Алура, пробирающаяся следом за Стефанией, что-то пробормотала и схватила девушку за локоть. Огнянка вскинула взгляд и замерла на месте. Прямо перед ней стоял тот самый молодой человек с золотисто-медовыми глазами, кого она видела, когда захватили в плен Гюрзу. Человек был одет в серую форму, и Стефания моментально уловила, что стальной оттенок указывал на принадлежность его к Серому Отряду.

Толпа, словно что-то почувствовав, подалась в стороны и теперь обтекала троицу странных людей по широкой дуге. Краем глаза Стефания уловила какое-то движение и услышала смущенный возглас Грифа, а за ним хмыканье Ринфа. Но Андрей Элайн — теперь-то она знала имя того смертного — смотрел только на Стефанию и грустно улыбался.

— Куда-то торопишься? — негромко спросил он, и Стефания, сдавленно охнув, опустилась на руки Алуры. И уже через секунду Огнянка не видела улиц Альтхгрэнда, потому что бежала по коридору, сдавленно ругаясь и проклиная этогоgiidengaGrifae, посмевшего ей — дочери самого Огня Световидовича! — указывать, где ее место и что ей надлежит делать! Этого Стефания стерпеть не могла и теперь мчалась к Гюрзе, чтобы нажаловаться на распоясавшегося солдата, возомнившего о себе слишком и совершенно непозволительно много. Мало ли что он будет помнящим — это не давало ему права так орать на нее!

Стефания повернула за угол и налетела на что-то твердое, но мгновенно ее подхватившее и не давшее упасть. Огнянка ругнулась и попыталась вдохнуть, нелегким потребовалось целых три секунды, чтобы оправиться от выбившего из них воздух удара. Только после этого Стефания подняла взгляд на того, кто все еще держал ее за плечи. Этого человека она не могла не узнать. Брат Гюрзы был известен всем и пользовался заслуженным уважением. Стефания видела его всего-то пару раз, хотя эти золотисто-медовые глаза уже давно преследовали ее во снах.

— Простите, иллих Элайн, — пробормотала Стефания, стараясь вывернуться из державших ее рук. Державших крепко, но нежно.

— Куда-то торопишься? — поинтересовался Андрей и улыбнулся, сверкнув белизной идеальных зубов.

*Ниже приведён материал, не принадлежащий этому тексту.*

(* Let $\langle\mathcal{D},\sigma,\varphi\rangle$ be a hybrid temporal achievement causal setting. Then $$\mathcal{D}\models\mathit{AchvSit}(s_\varphi,\varphi,\sigma)\land\sigma<s^*\land\big(\forall s',t.\;\sigma\le s'\le s^*\land\mathit{start}(s')\le t\le\mathit{end}(s',s^* )\supset\varphi[t,s']\big)\supset\mathit{AchvSit}(s_\varphi,\varphi,s^* )$$ (free variables $s_\varphi,s^*$ universally quantified).
   Context: Hybrid temporal situation calculus (HTSC): $S_0$ initial situation, $do(a,s)$ successor situation, $do([a_1,\dots,a_n],s)$ the nesting. $s\sqsubset s'$: $s'$ reachable from $s$ by one or more actions; $s\sqsubseteq s'$: $s\sqsubset s'\lor s=s'$. $\mathit{time}(a(\vec x,t))=t$, $\mathit{start}(do(a,s))=\mathit{time}(a)$. $\mathit{Exec}(s)\doteq\forall a,s'.(do(a,s')\sqsubseteq s\supset\mathit{Poss}(a,s')\land\mathit{start}(s')\le\mathit{time}(a))$; $s<s'$ abbreviates $s\sqsubset s'\land\mathit{Exec}(s')$; $s\le s'$ abbreviates $s<s'\lor s=s'$. A hybrid basic action theory $\mathcal{D}$ contains initial-state, precondition, successor-state (discrete fluents), state evolution (temporal fluents), unique-names and foundational axioms; each temporal fluent $f$ has a state evolution axiom $f(\vec x,t,s)=y\equiv[\bigvee_i(\gamma^f_i(\vec x,s)\land\delta_i(\vec x,y,t,s))\lor(y=f(\vec x,\mathit{start}(s),s)\land\neg\bigvee_i\gamma^f_i(\vec x,s))]$ with mutually exclusive contexts $\gamma^f_i$. An effect $\varphi$ is a situation- and time-suppressed formula, uniform in the situation, constraining the value of a single primitive temporal fluent $f$; $\varphi[t,s]$ restores time $t$ and situation $s$. $\mathit{end}(s',s)=\mathit{start}(s')$ if $s'=s$; $=\mathit{time}(a)$ if $do(a,s')\le s$. $\mathit{AchvSitAux}(s_\varphi,\varphi,s)\doteq\varphi[\mathit{end}(s_\varphi,s),s_\varphi]\land\forall s',t.(s_\varphi<s'\le s\land\mathit{start}(s')\le t\le\mathit{end}(s',s)\supset\varphi[t,s'])$; $\mathit{AchvSit}(s_\varphi,\varphi,s)\doteq\mathit{AchvSitAux}(s_\varphi,\varphi,s)\land\neg\exists s''.(s''<s_\varphi\land\mathit{AchvSitAux}(s'',\varphi,s))$. Hybrid temporal achievement causal setting $\langle\mathcal{D},\sigma,\varphi\rangle$: $\sigma=do([\alpha_1,\dots,\alpha_n],S_0)$ ground, $n\ge1$, and $\mathcal{D}\models\mathit{Exec}(\sigma)\land\neg\varphi[\mathit{start}(S_0),S_0]\land\neg\varphi[\mathit{time}(\alpha_1),S_0]\land\varphi[\mathit{start}(\sigma),\sigma]$. *)

theory Defs
  imports Main "HOL.Real"
begin

text \<open>Situations of the (hybrid temporal) situation calculus. The foundational
axioms (including second-order induction) force the situations of every model to
form exactly this tree: S0 and do(a,s).\<close>

datatype 'a sit = S0 | Do 'a "'a sit"

fun sqsub :: "'a sit \<Rightarrow> 'a sit \<Rightarrow> bool" where
  "sqsub s S0 = False"
| "sqsub s (Do a s') = (s = s' \<or> sqsub s s')"

definition sqsubeq :: "'a sit \<Rightarrow> 'a sit \<Rightarrow> bool" where
  "sqsubeq s s' \<longleftrightarrow> sqsub s s' \<or> s = s'"

text \<open>start(S0) = t0 (the start time of the initial situation), start(do(a,s)) = time(a).
  tm interprets the function time on actions.\<close>
fun start :: "real \<Rightarrow> ('a \<Rightarrow> real) \<Rightarrow> 'a sit \<Rightarrow> real" where
  "start t0 tm S0 = t0"
| "start t0 tm (Do a s) = tm a"

definition Exec :: "('a \<Rightarrow> 'a sit \<Rightarrow> bool) \<Rightarrow> real \<Rightarrow> ('a \<Rightarrow> real) \<Rightarrow> 'a sit \<Rightarrow> bool" where
  "Exec Poss t0 tm s \<longleftrightarrow>
     (\<forall>a s'. sqsubeq (Do a s') s \<longrightarrow> Poss a s' \<and> start t0 tm s' \<le> tm a)"

definition slt :: "('a \<Rightarrow> 'a sit \<Rightarrow> bool) \<Rightarrow> real \<Rightarrow> ('a \<Rightarrow> real) \<Rightarrow> 'a sit \<Rightarrow> 'a sit \<Rightarrow> bool" where
  "slt Poss t0 tm s s' \<longleftrightarrow> sqsub s s' \<and> Exec Poss t0 tm s'"

definition sle :: "('a \<Rightarrow> 'a sit \<Rightarrow> bool) \<Rightarrow> real \<Rightarrow> ('a \<Rightarrow> real) \<Rightarrow> 'a sit \<Rightarrow> 'a sit \<Rightarrow> bool" where
  "sle Poss t0 tm s s' \<longleftrightarrow> slt Poss t0 tm s s' \<or> s = s'"

text \<open>end(s',s): start(s') if s' = s; time(a) if do(a,s') \<le> s (such a is unique).
  Outside this domain the value is an unspecified (but fixed) real.\<close>
definition endt :: "('a \<Rightarrow> 'a sit \<Rightarrow> bool) \<Rightarrow> real \<Rightarrow> ('a \<Rightarrow> real) \<Rightarrow> 'a sit \<Rightarrow> 'a sit \<Rightarrow> real" where
  "endt Poss t0 tm s' s =
     (if s' = s then start t0 tm s'
      else tm (THE a. sle Poss t0 tm (Do a s') s))"

text \<open>phi t s stands for the effect with time t and situation s restored, \<open>\<phi>[t,s]\<close>.\<close>
definition AchvSitAux ::
  "('a \<Rightarrow> 'a sit \<Rightarrow> bool) \<Rightarrow> real \<Rightarrow> ('a \<Rightarrow> real) \<Rightarrow> (real \<Rightarrow> 'a sit \<Rightarrow> bool)
   \<Rightarrow> 'a sit \<Rightarrow> 'a sit \<Rightarrow> bool" where
  "AchvSitAux Poss t0 tm phi sphi s \<longleftrightarrow>
     phi (endt Poss t0 tm sphi s) sphi \<and>
     (\<forall>s' t. slt Poss t0 tm sphi s' \<and> sle Poss t0 tm s' s \<and>
             start t0 tm s' \<le> t \<and> t \<le> endt Poss t0 tm s' s \<longrightarrow> phi t s')"

definition AchvSit ::
  "('a \<Rightarrow> 'a sit \<Rightarrow> bool) \<Rightarrow> real \<Rightarrow> ('a \<Rightarrow> real) \<Rightarrow> (real \<Rightarrow> 'a sit \<Rightarrow> bool)
   \<Rightarrow> 'a sit \<Rightarrow> 'a sit \<Rightarrow> bool" where
  "AchvSit Poss t0 tm phi sphi s \<longleftrightarrow>
     AchvSitAux Poss t0 tm phi sphi s \<and>
     \<not> (\<exists>s''. slt Poss t0 tm s'' sphi \<and> AchvSitAux Poss t0 tm phi s'' s)"

text \<open>Hybrid temporal achievement causal setting: sigma = do([alpha_1,...,alpha_n],S0), n \<ge> 1,
  executable, phi false at start(S0) and at time(alpha_1) in S0, true at start(sigma) in sigma.\<close>
definition CausalSetting ::
  "('a \<Rightarrow> 'a sit \<Rightarrow> bool) \<Rightarrow> real \<Rightarrow> ('a \<Rightarrow> real) \<Rightarrow> (real \<Rightarrow> 'a sit \<Rightarrow> bool)
   \<Rightarrow> 'a sit \<Rightarrow> bool" where
  "CausalSetting Poss t0 tm phi sigma \<longleftrightarrow>
     sigma \<noteq> S0 \<and>
     Exec Poss t0 tm sigma \<and>
     \<not> phi (start t0 tm S0) S0 \<and>
     (\<forall>a1. sqsubeq (Do a1 S0) sigma \<longrightarrow> \<not> phi (tm a1) S0) \<and>
     phi (start t0 tm sigma) sigma"

end

theory Submission
  imports Defs
begin

text \<open>Replacing the end situation \<open>\<sigma>\<close> by an executable extension \<open>s\<^sup>*\<close> changes \<open>end(s,\<cdot>)\<close> only
  for the situations \<open>\<sigma> \<sqsubseteq> s \<sqsubseteq> s\<^sup>*\<close>, and the intervals of these situations are exactly the ones on
  which \<open>\<phi>\<close> is assumed to hold. Hence \<open>s\<^sub>\<phi>\<close> still achieves \<open>\<phi>\<close> in \<open>s\<^sup>*\<close>. For minimality, a
  situation \<open>s'' < s\<^sub>\<phi>\<close> achieving \<open>\<phi>\<close> in \<open>s\<^sup>*\<close> either lies above \<open>\<sigma>\<close>, and then \<open>\<sigma>\<close> itself (where
  \<open>\<phi>\<close> holds at \<open>start(\<sigma>)\<close>) is an earlier achievement situation for \<open>\<sigma>\<close>, or it does not, and then
  it already achieves \<open>\<phi>\<close> in \<open>\<sigma>\<close>. Both contradict the minimality of \<open>s\<^sub>\<phi>\<close> for \<open>\<sigma>\<close>.\<close>

lemma sqsub_imp_size_less: "sqsub s x \<Longrightarrow> size s < size x"
  by (induction x) auto

lemma sqsub_irrefl: "\<not> sqsub s s"
  using sqsub_imp_size_less by blast

lemma sqsub_trans: "sqsub a b \<Longrightarrow> sqsub b c \<Longrightarrow> sqsub a c"
  by (induction c) auto

lemma sqsubeq_trans: "sqsubeq a b \<Longrightarrow> sqsubeq b c \<Longrightarrow> sqsubeq a c"
  unfolding sqsubeq_def using sqsub_trans by blast

lemma sqsub_if_Do_sqsubeq: "sqsubeq (Do a s) x \<Longrightarrow> sqsub s x"
  unfolding sqsubeq_def using sqsub_trans[of s "Do a s" x] by auto

lemma sqsub_imp_ex_Do_sqsubeq: "sqsub s x \<Longrightarrow> \<exists>a. sqsubeq (Do a s) x"
  by (induction x) (auto simp: sqsubeq_def)

lemma sqsubeq_linear_below: "sqsubeq a c \<Longrightarrow> sqsubeq b c \<Longrightarrow> sqsubeq a b \<or> sqsubeq b a"
  by (induction c) (auto simp: sqsubeq_def)

lemma sqsubeq_Do_unique: "sqsubeq (Do a s) x \<Longrightarrow> sqsubeq (Do b s) x \<Longrightarrow> a = b"
  using sqsubeq_linear_below[of "Do a s" x "Do b s"]
    sqsub_imp_size_less[of "Do a s" s] sqsub_imp_size_less[of "Do b s" s]
  by (auto simp: sqsubeq_def)

lemma Exec_sqsubeq_mono: "Exec P t0 tm x \<Longrightarrow> sqsubeq y x \<Longrightarrow> Exec P t0 tm y"
  unfolding Exec_def using sqsubeq_trans by blast

lemma sle_iff_sqsubeq: "Exec P t0 tm x \<Longrightarrow> sle P t0 tm y x \<longleftrightarrow> sqsubeq y x"
  unfolding sle_def slt_def sqsubeq_def by auto

lemma endt_Do: "Exec P t0 tm x \<Longrightarrow> sqsubeq (Do a s) x \<Longrightarrow> endt P t0 tm s x = tm a"
proof -
  assume exec: "Exec P t0 tm x" and Do_below: "sqsubeq (Do a s) x"
  have "s \<noteq> x"
    using sqsub_if_Do_sqsubeq[OF Do_below] sqsub_irrefl by blast
  moreover have "(THE b. sle P t0 tm (Do b s) x) = a"
    using Do_below sqsubeq_Do_unique sle_iff_sqsubeq[OF exec] by (intro the_equality) auto
  ultimately show ?thesis
    unfolding endt_def by simp
qed

lemma endt_outside_domain: "\<not> sqsubeq s x \<Longrightarrow> endt P t0 tm s x = tm (THE b. False)"
proof -
  assume "\<not> sqsubeq s x"
  moreover have "(\<lambda>b. sle P t0 tm (Do b s) x) = (\<lambda>b. False)"
    using calculation sqsub_if_Do_sqsubeq unfolding sle_def slt_def sqsubeq_def by fastforce
  ultimately show ?thesis
    unfolding endt_def sqsubeq_def by simp
qed

lemma start_le_endt: "Exec P t0 tm x \<Longrightarrow> sqsubeq s x \<Longrightarrow> start t0 tm s \<le> endt P t0 tm s x"
proof (cases "s = x")
  case True
  then show ?thesis
    unfolding endt_def by simp
next
  assume exec: "Exec P t0 tm x" and "sqsubeq s x" and "s \<noteq> x"
  then obtain a where Do_below: "sqsubeq (Do a s) x"
    using sqsub_imp_ex_Do_sqsubeq unfolding sqsubeq_def by blast
  then show ?thesis
    using endt_Do[OF exec Do_below] exec unfolding Exec_def by simp
qed

lemma endt_extension_eq:
  assumes "Exec P t0 tm x'" "sqsubeq x x'" "\<not> (sqsubeq x s \<and> sqsubeq s x')"
  shows "endt P t0 tm s x' = endt P t0 tm s x"
proof (cases "sqsub s x")
  case True
  then obtain a where "sqsubeq (Do a s) x"
    using sqsub_imp_ex_Do_sqsubeq by blast
  then show ?thesis
    using assms endt_Do Exec_sqsubeq_mono sqsubeq_trans by metis
next
  case False
  then have "\<not> sqsubeq s x'" "\<not> sqsubeq s x"
    using assms sqsubeq_linear_below unfolding sqsubeq_def by blast+
  then show ?thesis
    by (simp add: endt_outside_domain)
qed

— Да нет, — пролепетала Стефания и постаралась как можно жестче прикрикнуть на себя, чтобы согнать с лица это дурацкое выражение. «Он смертный! — напомнила она себе, но тут же внутри нее раздалось глупое хихиканье. — Но до чего красив!» — Я бы хотела увидеть вашу сестру, иллих Элайн…

— Боюсь, что она отправилась в Близкое Приграничье. — Андрей оглянулся, и на его лице опять расцвела самая обаятельнейшая из всех улыбок. — Не хочешь ли прогуляться?

Стефания кивнула, и только после этого Элайн отпустил ее плечи и предложил руку. Огнянка положила ему ладонь на предплечье и с трудом сдержалась, чтобы не прижаться к смертному — смертному! — всем телом. А ведь ей так этого хотелось…

Андрей привел ее во внутренние покои, отведенные, судя по всему, ему, и предложил проследовать в зимний сад, расположенный на одном из громадных балконов. Стефания уже была согласна на все…

Стефания приоткрыла на мгновение глаза и увидела склонившегося к ней Андрея. Она попыталась улыбнуться, но тут же лицо Андрея превратилось в лицо Огня Световидовича, строго взиравшего на дочь.

— И что еще ты удумала? Чем тебе этот смертный так дорог?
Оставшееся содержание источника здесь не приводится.